• _Instructions to follow_: Restrict the output to the lines below starting at the one that contains "using P unfolding path_in_def by auto" and ending at the one that contains "set (x # c @", and restate them word for word, both ends included.

──────────────────────────────

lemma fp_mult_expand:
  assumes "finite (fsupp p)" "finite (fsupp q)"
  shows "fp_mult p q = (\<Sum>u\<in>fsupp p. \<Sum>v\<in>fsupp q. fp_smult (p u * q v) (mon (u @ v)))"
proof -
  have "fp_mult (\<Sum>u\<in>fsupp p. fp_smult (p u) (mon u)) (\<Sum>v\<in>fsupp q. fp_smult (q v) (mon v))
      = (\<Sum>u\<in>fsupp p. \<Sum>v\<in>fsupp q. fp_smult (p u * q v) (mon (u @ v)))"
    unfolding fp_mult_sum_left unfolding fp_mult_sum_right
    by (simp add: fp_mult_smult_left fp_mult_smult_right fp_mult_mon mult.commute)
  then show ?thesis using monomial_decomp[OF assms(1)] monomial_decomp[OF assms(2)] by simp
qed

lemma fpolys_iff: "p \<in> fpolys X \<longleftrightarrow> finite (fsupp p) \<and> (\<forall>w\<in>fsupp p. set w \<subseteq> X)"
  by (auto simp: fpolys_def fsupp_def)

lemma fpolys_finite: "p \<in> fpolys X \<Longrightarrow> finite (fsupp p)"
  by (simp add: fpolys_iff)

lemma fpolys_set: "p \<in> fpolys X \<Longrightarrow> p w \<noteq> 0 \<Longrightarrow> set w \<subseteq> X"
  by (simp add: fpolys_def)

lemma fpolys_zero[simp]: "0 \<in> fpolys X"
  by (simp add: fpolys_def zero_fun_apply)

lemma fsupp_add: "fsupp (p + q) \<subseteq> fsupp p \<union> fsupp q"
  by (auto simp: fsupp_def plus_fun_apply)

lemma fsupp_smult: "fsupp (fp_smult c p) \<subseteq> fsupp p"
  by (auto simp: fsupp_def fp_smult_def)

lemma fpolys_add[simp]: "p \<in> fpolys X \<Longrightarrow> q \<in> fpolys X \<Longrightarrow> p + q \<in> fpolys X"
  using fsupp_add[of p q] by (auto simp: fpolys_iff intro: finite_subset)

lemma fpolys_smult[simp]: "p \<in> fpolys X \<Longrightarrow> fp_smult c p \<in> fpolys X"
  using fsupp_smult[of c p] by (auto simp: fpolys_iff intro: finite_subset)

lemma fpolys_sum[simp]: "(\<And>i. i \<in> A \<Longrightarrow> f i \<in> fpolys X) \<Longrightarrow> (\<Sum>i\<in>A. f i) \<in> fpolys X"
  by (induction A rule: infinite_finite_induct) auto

──────────────────────────────

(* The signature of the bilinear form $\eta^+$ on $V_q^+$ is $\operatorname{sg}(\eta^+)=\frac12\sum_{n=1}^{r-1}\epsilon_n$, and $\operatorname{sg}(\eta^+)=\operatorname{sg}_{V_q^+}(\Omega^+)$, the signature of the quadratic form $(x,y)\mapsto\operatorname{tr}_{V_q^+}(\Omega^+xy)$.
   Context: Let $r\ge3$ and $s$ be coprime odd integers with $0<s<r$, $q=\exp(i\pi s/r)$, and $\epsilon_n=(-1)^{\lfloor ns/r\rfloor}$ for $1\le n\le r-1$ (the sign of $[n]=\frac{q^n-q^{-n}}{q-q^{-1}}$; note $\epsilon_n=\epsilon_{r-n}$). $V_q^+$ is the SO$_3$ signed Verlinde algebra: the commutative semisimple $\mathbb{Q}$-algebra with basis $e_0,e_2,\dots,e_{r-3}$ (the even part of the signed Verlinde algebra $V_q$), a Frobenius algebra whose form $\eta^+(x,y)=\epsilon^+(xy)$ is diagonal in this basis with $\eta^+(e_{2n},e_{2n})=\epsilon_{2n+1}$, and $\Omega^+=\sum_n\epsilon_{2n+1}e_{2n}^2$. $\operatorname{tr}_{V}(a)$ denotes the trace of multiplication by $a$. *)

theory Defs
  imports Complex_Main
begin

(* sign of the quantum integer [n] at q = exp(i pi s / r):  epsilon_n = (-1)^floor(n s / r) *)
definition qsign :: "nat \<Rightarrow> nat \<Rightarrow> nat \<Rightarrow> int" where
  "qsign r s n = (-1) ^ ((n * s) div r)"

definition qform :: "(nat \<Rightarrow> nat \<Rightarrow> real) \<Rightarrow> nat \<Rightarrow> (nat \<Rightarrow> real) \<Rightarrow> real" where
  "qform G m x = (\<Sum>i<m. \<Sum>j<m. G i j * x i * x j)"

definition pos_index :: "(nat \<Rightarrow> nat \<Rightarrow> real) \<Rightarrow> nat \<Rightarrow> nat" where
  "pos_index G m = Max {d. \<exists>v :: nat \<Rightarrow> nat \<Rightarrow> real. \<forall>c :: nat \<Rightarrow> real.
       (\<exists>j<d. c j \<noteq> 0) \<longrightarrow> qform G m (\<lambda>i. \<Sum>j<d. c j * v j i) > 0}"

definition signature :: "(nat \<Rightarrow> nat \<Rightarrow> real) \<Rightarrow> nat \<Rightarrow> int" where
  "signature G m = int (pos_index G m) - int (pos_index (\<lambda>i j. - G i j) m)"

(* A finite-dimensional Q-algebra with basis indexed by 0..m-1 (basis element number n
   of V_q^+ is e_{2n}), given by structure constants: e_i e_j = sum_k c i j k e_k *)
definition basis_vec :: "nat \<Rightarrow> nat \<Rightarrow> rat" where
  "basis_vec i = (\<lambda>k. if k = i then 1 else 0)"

──────────────────────────────

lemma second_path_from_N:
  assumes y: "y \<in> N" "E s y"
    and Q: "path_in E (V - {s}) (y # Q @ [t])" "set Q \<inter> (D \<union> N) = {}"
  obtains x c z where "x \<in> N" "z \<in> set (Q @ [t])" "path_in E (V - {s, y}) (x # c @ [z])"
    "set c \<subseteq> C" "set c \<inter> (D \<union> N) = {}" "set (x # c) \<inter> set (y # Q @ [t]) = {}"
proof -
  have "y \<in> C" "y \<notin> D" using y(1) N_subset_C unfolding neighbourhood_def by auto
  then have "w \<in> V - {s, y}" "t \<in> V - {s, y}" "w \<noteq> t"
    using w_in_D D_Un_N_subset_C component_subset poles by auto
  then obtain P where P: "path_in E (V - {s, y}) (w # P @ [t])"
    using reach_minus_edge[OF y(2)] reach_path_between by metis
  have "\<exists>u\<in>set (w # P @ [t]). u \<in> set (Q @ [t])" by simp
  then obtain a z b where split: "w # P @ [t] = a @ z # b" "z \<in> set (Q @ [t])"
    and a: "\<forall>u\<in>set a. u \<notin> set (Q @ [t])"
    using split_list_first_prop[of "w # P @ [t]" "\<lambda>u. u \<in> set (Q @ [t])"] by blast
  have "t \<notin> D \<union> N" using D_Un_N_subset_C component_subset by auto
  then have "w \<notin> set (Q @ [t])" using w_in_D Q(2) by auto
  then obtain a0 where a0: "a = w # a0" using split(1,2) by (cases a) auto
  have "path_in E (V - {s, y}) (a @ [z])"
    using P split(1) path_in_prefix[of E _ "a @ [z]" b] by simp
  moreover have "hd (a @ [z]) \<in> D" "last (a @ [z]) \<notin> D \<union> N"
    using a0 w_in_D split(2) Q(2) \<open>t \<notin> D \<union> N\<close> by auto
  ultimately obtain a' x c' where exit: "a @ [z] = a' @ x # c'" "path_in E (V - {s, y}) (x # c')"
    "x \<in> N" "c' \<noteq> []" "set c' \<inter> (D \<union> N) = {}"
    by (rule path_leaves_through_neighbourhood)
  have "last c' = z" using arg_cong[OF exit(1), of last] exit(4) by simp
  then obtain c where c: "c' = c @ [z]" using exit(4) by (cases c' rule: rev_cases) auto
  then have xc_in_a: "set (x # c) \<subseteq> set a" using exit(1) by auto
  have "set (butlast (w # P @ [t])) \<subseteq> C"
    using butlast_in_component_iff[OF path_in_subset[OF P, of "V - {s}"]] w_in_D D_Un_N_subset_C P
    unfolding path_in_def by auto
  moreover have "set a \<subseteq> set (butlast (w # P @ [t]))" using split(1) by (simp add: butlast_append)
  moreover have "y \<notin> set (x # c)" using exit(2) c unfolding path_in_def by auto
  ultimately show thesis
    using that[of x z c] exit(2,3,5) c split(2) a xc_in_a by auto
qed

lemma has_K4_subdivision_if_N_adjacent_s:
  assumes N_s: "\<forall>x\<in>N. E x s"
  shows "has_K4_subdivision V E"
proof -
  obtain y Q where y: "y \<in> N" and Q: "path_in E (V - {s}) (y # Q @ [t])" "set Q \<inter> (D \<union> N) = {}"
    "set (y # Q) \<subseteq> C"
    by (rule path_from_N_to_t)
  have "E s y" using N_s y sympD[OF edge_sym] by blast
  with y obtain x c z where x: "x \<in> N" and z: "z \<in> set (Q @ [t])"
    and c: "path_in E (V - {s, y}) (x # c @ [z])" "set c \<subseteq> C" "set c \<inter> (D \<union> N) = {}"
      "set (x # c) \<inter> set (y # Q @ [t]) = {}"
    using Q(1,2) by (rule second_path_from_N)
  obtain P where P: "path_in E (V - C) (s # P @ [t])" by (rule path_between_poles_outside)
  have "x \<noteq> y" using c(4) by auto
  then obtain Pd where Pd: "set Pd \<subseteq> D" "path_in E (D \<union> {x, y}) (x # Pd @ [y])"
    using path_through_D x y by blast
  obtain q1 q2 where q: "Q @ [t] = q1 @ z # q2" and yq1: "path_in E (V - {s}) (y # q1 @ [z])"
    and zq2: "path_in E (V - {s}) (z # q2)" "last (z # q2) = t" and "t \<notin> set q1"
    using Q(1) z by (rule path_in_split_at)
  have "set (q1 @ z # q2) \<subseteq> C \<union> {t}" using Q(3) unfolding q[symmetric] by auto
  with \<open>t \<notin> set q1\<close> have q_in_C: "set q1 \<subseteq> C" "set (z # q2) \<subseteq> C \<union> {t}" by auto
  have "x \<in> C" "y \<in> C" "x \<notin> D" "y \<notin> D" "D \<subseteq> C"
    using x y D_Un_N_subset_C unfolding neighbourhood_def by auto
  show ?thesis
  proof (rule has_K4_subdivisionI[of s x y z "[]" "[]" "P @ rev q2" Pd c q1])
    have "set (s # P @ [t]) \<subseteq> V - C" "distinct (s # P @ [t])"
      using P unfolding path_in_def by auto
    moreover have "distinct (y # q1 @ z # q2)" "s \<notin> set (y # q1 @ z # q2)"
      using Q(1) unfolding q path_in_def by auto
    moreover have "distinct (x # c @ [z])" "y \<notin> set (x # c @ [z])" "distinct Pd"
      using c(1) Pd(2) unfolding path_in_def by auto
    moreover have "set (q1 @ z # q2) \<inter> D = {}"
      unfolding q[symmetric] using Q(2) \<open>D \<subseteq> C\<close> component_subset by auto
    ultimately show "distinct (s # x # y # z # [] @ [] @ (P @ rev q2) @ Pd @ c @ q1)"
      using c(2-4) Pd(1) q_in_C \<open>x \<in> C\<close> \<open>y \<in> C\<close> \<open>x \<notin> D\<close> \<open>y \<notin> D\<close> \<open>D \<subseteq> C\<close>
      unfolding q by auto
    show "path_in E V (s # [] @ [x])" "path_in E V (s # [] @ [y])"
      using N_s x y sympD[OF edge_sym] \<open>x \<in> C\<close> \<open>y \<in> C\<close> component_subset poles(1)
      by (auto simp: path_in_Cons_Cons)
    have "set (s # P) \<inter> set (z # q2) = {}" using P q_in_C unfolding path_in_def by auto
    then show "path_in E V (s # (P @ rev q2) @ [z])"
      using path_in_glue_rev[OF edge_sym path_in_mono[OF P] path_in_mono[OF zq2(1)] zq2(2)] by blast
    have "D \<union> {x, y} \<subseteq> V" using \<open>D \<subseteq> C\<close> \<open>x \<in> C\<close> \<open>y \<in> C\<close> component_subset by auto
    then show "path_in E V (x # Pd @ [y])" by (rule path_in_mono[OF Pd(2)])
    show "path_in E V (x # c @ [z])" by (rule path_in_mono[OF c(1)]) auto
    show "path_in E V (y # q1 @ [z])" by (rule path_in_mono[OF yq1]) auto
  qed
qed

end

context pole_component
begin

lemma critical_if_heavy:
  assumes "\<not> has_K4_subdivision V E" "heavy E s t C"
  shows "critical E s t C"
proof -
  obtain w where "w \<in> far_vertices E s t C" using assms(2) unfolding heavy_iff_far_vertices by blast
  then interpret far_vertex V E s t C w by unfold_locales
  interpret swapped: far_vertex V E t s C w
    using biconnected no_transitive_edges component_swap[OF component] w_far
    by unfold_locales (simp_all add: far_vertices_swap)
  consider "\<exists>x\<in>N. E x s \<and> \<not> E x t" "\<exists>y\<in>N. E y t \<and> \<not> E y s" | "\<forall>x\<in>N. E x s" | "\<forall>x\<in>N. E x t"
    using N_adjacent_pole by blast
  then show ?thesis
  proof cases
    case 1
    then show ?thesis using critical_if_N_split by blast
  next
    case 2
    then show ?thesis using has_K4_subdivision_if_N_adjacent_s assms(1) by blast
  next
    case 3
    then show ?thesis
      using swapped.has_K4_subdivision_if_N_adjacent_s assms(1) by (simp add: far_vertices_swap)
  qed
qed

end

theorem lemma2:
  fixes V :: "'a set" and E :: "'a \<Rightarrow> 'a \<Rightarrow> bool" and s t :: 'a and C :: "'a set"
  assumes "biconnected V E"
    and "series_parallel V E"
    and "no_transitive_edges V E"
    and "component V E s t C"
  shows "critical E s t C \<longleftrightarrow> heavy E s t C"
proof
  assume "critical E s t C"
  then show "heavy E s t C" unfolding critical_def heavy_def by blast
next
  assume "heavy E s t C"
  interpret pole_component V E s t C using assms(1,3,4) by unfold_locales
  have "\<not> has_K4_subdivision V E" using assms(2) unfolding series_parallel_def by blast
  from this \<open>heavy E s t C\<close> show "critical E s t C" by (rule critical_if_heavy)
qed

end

──────────────────────────────

• _Answer box_:
      using P unfolding path_in_def by auto
    moreover have "distinct (y # q1 @ z # q2)" "s \<notin> set (y # q1 @ z # q2)"
      using Q(1) unfolding q path_in_def by auto
    moreover have "distinct (x # c @ [z])" "y \<notin> set (x # c @ [z])" "distinct Pd"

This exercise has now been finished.